THE PROBLEM
Each line from the one that contains "n \<le> real" through the end of the entries should be repeated exactly, with nothing added.

== DATA FOR ANALYSIS

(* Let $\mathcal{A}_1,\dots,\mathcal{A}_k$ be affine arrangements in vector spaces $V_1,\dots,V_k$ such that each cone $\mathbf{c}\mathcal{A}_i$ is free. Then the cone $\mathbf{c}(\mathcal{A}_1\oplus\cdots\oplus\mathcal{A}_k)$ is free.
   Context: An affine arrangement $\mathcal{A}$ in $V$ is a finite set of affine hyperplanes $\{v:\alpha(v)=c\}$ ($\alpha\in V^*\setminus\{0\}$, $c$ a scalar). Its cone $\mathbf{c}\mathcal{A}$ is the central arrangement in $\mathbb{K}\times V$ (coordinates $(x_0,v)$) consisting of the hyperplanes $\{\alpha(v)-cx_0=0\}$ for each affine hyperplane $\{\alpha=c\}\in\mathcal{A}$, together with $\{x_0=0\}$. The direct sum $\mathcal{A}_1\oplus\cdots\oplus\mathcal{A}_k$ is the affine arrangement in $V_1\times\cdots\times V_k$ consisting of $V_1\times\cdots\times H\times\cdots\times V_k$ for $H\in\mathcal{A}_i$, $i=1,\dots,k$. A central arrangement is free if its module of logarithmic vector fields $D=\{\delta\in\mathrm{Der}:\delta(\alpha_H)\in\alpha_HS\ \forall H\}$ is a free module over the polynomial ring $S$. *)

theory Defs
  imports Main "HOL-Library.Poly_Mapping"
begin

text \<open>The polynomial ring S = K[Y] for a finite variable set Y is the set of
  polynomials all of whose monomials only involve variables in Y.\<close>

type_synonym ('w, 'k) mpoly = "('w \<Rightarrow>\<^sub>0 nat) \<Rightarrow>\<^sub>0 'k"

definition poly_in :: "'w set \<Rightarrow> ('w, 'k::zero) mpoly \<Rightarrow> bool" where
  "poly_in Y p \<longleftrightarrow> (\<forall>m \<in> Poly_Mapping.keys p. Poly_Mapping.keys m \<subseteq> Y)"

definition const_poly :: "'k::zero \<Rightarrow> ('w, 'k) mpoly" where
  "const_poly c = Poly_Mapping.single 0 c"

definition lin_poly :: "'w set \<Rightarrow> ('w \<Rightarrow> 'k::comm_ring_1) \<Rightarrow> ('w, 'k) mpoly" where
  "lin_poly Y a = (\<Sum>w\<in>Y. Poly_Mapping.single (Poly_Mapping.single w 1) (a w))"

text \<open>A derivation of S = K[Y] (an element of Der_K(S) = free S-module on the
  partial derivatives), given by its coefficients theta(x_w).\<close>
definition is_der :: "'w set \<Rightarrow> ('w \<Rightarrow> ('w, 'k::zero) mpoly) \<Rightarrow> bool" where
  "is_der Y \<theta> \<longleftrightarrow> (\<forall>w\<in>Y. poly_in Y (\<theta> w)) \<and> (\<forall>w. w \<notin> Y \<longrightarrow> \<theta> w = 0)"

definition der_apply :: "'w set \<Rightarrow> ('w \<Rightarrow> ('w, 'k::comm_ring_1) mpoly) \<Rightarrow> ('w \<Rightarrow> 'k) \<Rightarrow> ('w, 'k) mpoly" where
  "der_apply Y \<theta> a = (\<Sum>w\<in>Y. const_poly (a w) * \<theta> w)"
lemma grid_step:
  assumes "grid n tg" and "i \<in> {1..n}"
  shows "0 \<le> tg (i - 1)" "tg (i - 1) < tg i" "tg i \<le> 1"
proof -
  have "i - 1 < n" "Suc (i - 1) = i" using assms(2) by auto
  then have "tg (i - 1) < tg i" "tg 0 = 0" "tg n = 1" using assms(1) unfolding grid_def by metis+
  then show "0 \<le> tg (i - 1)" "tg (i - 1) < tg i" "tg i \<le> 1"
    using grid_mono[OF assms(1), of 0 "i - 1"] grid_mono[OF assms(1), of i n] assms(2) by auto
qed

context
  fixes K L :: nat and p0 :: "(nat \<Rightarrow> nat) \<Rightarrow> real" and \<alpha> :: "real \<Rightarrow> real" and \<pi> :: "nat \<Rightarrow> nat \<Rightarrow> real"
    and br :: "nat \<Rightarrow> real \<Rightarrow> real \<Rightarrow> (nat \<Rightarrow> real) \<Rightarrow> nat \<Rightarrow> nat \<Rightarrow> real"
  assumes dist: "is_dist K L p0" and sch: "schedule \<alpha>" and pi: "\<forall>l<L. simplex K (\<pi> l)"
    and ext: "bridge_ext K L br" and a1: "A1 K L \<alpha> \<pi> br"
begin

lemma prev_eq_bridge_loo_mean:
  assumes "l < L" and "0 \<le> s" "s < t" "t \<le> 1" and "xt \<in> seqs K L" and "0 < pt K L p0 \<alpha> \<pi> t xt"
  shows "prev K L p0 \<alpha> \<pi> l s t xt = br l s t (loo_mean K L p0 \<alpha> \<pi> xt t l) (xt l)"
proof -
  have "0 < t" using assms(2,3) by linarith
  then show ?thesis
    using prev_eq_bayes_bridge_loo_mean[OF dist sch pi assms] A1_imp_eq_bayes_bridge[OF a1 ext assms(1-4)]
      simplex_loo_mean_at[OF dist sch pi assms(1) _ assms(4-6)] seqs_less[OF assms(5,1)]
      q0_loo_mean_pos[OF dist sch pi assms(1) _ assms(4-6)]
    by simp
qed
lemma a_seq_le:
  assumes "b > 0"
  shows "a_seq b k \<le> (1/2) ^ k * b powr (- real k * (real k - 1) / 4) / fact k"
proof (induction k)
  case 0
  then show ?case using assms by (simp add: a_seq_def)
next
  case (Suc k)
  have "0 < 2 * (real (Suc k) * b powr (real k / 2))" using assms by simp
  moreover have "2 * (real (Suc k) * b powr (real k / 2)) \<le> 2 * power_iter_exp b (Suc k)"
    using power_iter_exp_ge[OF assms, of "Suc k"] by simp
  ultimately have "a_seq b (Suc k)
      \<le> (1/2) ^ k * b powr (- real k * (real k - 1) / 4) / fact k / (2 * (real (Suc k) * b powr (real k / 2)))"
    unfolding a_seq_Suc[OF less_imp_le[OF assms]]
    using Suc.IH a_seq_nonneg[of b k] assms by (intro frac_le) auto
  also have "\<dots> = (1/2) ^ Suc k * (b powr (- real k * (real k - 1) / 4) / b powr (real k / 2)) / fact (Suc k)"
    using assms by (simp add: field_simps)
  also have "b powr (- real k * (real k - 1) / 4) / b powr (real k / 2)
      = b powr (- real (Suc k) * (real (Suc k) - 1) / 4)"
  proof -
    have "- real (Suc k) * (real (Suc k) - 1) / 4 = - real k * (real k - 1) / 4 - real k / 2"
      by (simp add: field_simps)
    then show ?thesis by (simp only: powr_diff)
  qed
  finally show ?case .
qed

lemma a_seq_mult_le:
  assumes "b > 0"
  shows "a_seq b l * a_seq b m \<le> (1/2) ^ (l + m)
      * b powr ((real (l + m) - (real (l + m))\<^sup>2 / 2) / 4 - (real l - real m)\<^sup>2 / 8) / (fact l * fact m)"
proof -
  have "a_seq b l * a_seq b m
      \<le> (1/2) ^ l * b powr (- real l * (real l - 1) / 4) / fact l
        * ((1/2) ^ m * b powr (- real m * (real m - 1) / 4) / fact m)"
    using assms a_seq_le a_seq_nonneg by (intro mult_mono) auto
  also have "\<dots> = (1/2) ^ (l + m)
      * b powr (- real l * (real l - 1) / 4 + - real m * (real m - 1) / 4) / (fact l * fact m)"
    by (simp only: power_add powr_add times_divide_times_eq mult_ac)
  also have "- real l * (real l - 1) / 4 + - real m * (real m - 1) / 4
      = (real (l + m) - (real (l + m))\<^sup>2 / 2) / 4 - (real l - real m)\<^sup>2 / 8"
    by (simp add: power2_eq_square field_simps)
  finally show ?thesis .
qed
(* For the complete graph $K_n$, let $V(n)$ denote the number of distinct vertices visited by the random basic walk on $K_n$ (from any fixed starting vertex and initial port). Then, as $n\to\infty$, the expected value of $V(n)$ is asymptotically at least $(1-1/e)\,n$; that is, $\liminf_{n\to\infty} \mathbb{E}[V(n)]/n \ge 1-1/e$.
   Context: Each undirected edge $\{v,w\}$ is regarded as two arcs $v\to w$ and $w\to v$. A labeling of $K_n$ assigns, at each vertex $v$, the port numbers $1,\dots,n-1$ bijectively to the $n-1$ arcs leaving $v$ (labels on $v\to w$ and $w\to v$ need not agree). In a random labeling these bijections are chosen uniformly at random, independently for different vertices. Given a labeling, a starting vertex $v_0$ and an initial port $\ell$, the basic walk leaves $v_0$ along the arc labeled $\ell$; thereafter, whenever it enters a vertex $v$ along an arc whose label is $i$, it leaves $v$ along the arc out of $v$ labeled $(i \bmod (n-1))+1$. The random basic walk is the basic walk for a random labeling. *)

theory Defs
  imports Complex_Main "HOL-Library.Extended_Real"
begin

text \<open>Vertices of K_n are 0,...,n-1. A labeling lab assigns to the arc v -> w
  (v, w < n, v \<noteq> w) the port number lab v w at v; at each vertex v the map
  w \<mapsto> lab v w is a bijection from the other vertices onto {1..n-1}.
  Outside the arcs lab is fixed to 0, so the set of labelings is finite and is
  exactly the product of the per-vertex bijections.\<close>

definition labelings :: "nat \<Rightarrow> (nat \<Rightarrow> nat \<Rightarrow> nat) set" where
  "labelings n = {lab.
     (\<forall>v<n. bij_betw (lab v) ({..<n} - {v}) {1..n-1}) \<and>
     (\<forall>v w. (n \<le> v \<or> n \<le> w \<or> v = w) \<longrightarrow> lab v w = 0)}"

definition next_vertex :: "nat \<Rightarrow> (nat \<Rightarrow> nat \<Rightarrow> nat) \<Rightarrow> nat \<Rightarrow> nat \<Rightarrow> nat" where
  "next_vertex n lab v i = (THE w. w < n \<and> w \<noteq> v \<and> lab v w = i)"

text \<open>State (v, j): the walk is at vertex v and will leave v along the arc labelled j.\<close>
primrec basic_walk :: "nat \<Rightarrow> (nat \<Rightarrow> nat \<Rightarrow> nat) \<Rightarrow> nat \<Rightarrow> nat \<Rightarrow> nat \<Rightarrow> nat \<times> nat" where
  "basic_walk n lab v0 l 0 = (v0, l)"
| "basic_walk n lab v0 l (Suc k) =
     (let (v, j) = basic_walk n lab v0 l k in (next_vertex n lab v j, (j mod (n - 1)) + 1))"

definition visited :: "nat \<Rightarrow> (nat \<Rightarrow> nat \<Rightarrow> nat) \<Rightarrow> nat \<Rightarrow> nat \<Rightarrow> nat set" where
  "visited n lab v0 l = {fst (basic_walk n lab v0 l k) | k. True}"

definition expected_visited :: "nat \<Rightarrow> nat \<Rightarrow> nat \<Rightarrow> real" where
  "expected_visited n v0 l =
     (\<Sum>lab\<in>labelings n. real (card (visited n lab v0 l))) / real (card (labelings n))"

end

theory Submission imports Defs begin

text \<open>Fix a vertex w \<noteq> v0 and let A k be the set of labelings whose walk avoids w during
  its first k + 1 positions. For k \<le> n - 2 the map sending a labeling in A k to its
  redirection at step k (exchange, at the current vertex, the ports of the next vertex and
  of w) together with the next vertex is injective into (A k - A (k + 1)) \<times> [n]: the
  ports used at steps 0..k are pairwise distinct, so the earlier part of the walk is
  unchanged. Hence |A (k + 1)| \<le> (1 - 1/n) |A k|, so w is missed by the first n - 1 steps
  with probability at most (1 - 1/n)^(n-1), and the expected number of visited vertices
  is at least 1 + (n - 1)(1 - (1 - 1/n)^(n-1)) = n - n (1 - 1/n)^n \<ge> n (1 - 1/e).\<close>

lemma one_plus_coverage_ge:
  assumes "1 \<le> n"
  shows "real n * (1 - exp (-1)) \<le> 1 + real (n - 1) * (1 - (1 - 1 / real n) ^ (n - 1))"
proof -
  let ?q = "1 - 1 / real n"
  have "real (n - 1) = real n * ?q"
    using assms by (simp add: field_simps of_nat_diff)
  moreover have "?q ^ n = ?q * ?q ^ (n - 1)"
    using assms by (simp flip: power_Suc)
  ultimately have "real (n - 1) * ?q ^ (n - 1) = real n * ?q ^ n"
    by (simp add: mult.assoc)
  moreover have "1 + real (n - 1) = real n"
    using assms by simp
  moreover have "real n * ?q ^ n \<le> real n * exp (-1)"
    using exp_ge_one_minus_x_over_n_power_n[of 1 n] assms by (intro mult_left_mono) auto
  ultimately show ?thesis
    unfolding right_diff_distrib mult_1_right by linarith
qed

====

TASK RESULT
  moreover have "real n * ?q ^ n \<le> real n * exp (-1)"
    using exp_ge_one_minus_x_over_n_power_n[of 1 n] assms by (intro mult_left_mono) auto
  ultimately show ?thesis
    unfolding right_diff_distrib mult_1_right by linarith
qed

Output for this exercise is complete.